WORK INSTRUCTIONS
Read the entries below and pull out each line with the string "using".

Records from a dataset
lemma tendsto_matrix_mult:
  fixes F :: "'a \<Rightarrow> real^'k^'m" and G :: "'a \<Rightarrow> real^'n^'k"
  assumes "(F \<longlongrightarrow> A) net" "(G \<longlongrightarrow> B) net"
  shows "((\<lambda>x. F x ** G x) \<longlongrightarrow> A ** B) net"
  unfolding matrix_matrix_mult_def by (intro tendsto_intros assms)

lemma tendsto_transpose:
  fixes F :: "'a \<Rightarrow> real^'k^'m"
  assumes "(F \<longlongrightarrow> A) net"
  shows "((\<lambda>x. transpose (F x)) \<longlongrightarrow> transpose A) net"
  unfolding transpose_def by (intro tendsto_intros assms)

lemma tendsto_matrix_vector_mult:
  fixes F :: "'a \<Rightarrow> real^'n^'m"
  assumes "(F \<longlongrightarrow> A) net"
  shows "((\<lambda>x. F x *v v) \<longlongrightarrow> A *v v) net"
  unfolding matrix_vector_mult_def by (intro tendsto_intros assms)

lemma tendsto_det:
  fixes F :: "'a \<Rightarrow> real^'n^'n"
  assumes "(F \<longlongrightarrow> A) net"
  shows "((\<lambda>x. det (F x)) \<longlongrightarrow> det A) net"
  unfolding det_def by (intro tendsto_intros assms)

lemma rank_set_matrix_mult_left: "Z \<in> rank_set r \<Longrightarrow> M ** Z \<in> rank_set r"
  unfolding rank_set_def using rank_mul_le_right[of M Z] by simp

lemma rank_set_matrix_mult_right: "Z \<in> rank_set r \<Longrightarrow> Z ** M \<in> rank_set r"
  unfolding rank_set_def using rank_mul_le_left[of Z M] by simp

lemma bouligand_tangentI_ray:
  fixes Z D :: "'a::real_normed_vector"
  assumes "\<And>t. t > 0 \<Longrightarrow> Z + t *\<^sub>R D \<in> S"
  shows "D \<in> bouligand_tangent S Z"
proof -
  define t where "t = (\<lambda>k::nat. 1 / real (Suc k))"
  have t0: "t \<longlonglongrightarrow> 0" unfolding t_def by (rule LIMSEQ_Suc[OF lim_const_over_n])
  have tp: "\<forall>k. t k > 0" unfolding t_def by simp
  have "(\<lambda>k. Z + t k *\<^sub>R D) \<longlonglongrightarrow> Z + 0 *\<^sub>R D"
    by (intro tendsto_intros t0)
  moreover have "(\<lambda>k. ((Z + t k *\<^sub>R D) - Z) /\<^sub>R t k) = (\<lambda>k. D)"
    using tp by (auto simp: fun_eq_iff less_imp_neq[symmetric])
  ultimately show ?thesis unfolding bouligand_tangent_def
    using tp assms t0 by (intro CollectI exI[of _ "\<lambda>k. Z + t k *\<^sub>R D"] exI[of _ t]) auto
qed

SOLVED PROBLEM
  unfolding rank_set_def using rank_mul_le_right[of M Z] by simp
  unfolding rank_set_def using rank_mul_le_left[of Z M] by simp
    using tp by (auto simp: fun_eq_iff less_imp_neq[symmetric])
    using tp assms t0 by (intro CollectI exI[of _ "\<lambda>k. Z + t k *\<^sub>R D"] exI[of _ t]) auto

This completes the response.